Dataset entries
____________

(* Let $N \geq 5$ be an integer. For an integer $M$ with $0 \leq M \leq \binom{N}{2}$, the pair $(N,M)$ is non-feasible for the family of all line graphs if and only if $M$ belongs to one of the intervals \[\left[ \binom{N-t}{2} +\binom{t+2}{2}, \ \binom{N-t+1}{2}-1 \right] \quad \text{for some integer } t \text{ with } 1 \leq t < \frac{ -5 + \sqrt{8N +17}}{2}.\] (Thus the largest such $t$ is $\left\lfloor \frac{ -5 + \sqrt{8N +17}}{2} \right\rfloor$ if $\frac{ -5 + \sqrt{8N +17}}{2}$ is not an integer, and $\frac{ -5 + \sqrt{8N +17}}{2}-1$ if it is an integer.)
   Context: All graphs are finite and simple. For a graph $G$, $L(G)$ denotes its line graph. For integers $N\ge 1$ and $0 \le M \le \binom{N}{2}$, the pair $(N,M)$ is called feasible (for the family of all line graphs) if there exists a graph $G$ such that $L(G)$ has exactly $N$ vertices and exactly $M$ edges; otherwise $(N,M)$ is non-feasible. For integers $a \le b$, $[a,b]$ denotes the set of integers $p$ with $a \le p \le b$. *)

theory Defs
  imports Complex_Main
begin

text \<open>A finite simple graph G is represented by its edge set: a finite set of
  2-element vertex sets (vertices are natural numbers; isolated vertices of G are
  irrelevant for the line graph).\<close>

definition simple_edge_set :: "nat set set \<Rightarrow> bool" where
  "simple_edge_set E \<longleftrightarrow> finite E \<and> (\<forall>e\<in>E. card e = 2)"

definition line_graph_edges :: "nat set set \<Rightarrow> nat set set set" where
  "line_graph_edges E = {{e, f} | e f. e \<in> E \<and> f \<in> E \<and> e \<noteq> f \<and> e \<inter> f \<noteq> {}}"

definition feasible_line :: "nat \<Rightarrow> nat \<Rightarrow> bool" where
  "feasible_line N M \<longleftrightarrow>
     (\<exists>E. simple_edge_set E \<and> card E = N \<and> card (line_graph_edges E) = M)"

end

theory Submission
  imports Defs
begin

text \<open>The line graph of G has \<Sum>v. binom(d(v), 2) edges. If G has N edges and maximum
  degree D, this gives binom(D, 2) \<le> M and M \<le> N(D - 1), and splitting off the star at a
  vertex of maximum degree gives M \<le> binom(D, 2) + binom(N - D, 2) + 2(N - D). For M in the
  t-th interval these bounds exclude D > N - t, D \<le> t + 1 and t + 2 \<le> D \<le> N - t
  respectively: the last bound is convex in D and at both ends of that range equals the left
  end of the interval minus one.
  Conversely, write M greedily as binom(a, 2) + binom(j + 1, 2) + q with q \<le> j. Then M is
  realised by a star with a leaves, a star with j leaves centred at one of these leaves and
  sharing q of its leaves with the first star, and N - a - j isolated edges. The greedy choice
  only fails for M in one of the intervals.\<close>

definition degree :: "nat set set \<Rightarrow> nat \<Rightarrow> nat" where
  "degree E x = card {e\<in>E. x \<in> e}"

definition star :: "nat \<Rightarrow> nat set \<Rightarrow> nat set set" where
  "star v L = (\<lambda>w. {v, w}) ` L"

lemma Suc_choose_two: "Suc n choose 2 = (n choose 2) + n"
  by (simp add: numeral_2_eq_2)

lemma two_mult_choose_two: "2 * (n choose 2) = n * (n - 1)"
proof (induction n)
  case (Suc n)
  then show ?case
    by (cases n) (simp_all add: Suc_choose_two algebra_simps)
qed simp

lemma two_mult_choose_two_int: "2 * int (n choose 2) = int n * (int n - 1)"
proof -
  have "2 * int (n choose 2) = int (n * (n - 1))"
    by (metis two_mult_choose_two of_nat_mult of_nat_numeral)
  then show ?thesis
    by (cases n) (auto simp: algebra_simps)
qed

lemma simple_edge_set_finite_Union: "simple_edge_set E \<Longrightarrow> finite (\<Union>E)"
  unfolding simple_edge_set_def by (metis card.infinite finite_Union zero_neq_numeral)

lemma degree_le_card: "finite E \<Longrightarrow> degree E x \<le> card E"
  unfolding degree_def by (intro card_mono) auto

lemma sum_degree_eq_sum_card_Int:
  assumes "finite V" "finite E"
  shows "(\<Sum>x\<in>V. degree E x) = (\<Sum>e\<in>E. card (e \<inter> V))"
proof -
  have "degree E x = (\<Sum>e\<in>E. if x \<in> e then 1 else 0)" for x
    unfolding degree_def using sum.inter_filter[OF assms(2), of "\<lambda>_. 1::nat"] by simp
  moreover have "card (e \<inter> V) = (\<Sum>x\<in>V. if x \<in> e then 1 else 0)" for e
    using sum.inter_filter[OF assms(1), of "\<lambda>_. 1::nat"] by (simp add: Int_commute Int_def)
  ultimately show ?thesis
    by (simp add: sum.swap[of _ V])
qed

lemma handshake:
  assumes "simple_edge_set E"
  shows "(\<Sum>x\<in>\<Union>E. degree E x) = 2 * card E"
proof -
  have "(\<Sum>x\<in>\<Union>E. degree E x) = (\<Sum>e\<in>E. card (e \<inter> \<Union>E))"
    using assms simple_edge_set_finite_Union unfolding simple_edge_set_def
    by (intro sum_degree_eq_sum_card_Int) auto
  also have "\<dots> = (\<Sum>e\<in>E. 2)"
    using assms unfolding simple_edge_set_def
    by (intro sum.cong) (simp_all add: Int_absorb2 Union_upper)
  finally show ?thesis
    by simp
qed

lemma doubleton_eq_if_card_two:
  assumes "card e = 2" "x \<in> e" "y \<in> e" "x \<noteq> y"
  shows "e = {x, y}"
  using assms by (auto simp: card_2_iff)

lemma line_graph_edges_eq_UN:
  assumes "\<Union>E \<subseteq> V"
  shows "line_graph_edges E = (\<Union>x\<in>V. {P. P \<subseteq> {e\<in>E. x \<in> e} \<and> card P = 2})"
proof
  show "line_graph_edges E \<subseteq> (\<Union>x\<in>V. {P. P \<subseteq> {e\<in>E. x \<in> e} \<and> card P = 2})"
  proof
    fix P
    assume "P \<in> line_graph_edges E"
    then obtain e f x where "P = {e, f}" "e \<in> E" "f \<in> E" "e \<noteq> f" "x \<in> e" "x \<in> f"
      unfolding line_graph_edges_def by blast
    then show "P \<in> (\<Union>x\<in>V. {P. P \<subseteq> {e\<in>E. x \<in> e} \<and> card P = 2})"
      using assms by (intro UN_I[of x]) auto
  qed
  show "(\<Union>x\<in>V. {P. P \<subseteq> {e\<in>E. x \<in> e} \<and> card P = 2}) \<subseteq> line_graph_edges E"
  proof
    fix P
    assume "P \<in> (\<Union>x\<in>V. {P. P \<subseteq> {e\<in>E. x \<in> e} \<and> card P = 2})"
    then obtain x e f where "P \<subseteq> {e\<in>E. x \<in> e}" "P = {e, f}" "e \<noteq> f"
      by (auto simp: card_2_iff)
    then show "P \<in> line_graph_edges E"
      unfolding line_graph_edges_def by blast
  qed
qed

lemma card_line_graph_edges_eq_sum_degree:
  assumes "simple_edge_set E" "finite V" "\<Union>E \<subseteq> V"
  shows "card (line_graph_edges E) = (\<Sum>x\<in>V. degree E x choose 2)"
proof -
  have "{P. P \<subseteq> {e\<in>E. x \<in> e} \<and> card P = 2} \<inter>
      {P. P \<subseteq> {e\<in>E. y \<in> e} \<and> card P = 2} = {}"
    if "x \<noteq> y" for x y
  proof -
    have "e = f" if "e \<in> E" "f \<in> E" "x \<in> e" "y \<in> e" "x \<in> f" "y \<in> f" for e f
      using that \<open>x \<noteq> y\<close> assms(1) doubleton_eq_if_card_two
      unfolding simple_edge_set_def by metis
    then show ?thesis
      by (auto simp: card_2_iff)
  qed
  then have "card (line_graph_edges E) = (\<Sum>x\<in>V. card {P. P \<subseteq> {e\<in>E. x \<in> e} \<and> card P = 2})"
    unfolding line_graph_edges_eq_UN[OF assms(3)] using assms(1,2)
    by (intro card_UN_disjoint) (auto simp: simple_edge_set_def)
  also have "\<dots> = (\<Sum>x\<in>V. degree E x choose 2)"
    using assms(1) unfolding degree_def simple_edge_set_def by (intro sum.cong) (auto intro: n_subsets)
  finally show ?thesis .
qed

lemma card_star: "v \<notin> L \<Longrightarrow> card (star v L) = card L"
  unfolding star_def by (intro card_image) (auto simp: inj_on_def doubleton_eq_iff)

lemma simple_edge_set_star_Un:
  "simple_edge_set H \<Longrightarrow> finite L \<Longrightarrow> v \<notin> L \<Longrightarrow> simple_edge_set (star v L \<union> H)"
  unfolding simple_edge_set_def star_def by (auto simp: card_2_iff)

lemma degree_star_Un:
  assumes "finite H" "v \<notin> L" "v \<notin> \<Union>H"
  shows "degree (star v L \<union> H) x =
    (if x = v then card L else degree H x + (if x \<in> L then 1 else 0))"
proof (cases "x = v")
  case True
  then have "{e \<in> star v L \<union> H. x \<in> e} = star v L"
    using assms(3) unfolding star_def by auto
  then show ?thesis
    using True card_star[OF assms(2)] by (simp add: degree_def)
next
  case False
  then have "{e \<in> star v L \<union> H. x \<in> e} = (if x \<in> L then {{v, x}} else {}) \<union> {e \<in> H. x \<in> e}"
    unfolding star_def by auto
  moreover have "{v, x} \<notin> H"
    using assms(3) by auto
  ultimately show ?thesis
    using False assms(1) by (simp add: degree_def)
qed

____________

● **Assigned task**
Report the number of lines, in the entries above, that contain the word "noteq", without any other text.

● **Expected answer**
6